Exercise objective –
Check each line of the records below and collect those holding "noteq".

Supplied entries –

★ ★ ★

lemma Eval_eq_sat:
  assumes e: "e \<in> ev M" and A: "pid M e = A"
    and vc: "\<forall>B. vc s B = card (causal_past M e B)"
    and others: "\<forall>B. B \<noteq> A \<longrightarrow> coherent_at M \<Phi> I B (vc s B) (view s) (var s)"
    and own_var: "\<forall>x\<in>Vars \<Phi>. var s (A, x) = Some (val M e x)"
    and store: "store s = val M e"
    and old: "\<forall>\<psi>\<in>sub \<Phi>. old s \<psi> = (case last_loc M e of None \<Rightarrow> False | Some p \<Rightarrow> sat M I p \<psi>)"
    and "\<psi> \<in> sub \<Phi>"
  shows "Eval I A s \<psi> = sat M I e \<psi>"
proof -
  have own_last: "last_of M A e = Some e"
    using last_of_own_lifeline[OF e] A by simp
  have other_last: "last_of M B e = (if vc s B = 0 then None else Some (kth M B (vc s B)))" for B
    using last_of_eq_kth vc by simp
  have vc_own: "1 < vc s A \<longleftrightarrow> last_loc M e \<noteq> None"
    using vc one_less_card_causal_past_own_lifeline[OF e] A by simp
  from \<open>\<psi> \<in> sub \<Phi>\<close> show ?thesis
  proof (induction \<psi>)
    case (Atom p ts)
    have "ateval s t = teval M e t" if "t \<in> set ts" for t
    proof (cases t)
      case (RVar B x)
      then have "x \<in> Vars \<Phi>"
        using RVar_of_sub_in_Vars[OF Atom, of B x] that by simp
      then show ?thesis
        using RVar own_var own_last others other_last unfolding coherent_at_def
        by (cases "B = A"; cases "vc s B = 0") auto
    qed (simp add: store)
    then have "map (ateval s) ts = map (teval M e) ts"
      by simp
    then show ?case
      by (simp only: Eval.simps sat.simps)
  next
    case (At B \<theta>)
    then have "\<theta> \<in> sub \<Phi>"
      using sub_subf_closed subf_refl by fastforce
    then show ?case
      using At own_last others other_last unfolding coherent_at_def
      by (cases "B = A"; cases "vc s B = 0") auto
  next
    case (Y \<theta>)
    then have "\<theta> \<in> sub \<Phi>"
      using sub_subf_closed subf_refl by fastforce
    then show ?case
      using vc_own old by (auto split: option.split)
  next
    case (Since \<theta>1 \<theta>2)
    then have "\<theta>1 \<in> sub \<Phi>" "\<theta>2 \<in> sub \<Phi>"
      using sub_subf_closed subf_refl by fastforce+
    then have "Eval I A s (Since \<theta>1 \<theta>2) \<longleftrightarrow>
        sat M I e \<theta>2 \<or> sat M I e \<theta>1 \<and> 1 < vc s A \<and> old s (Since \<theta>1 \<theta>2)"
      using Since.IH by simp
    also have "\<dots> \<longleftrightarrow> sat M I e (Since \<theta>1 \<theta>2)"
      using Since.prems vc_own old
      by (cases "last_loc M e") (simp_all add: sat_Since_unfold[OF e] del: sat.simps(4))
    finally show ?case .
  next
    case (Conj \<theta>1 \<theta>2)
    then show ?case
      using sub_subf_closed subf_refl by fastforce
  next
    case (Disj \<theta>1 \<theta>2)
    then show ?case
      using sub_subf_closed subf_refl by fastforce
  next
    case (Neg \<theta>)
    then show ?case
      using sub_subf_closed subf_refl by fastforce
  qed
qed

lemma causal_past_minus_own_lifeline:
  assumes "e \<in> ev M"
  shows "causal_past M e (pid M e) - {e} = {f. loc_less M f e}"
  using causal_past_own_lifeline[OF assms] unfolding loc_less_def by auto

★ ★ ★

Exercise answer –
    and others: "\<forall>B. B \<noteq> A \<longrightarrow> coherent_at M \<Phi> I B (vc s B) (view s) (var s)"
  have vc_own: "1 < vc s A \<longleftrightarrow> last_loc M e \<noteq> None"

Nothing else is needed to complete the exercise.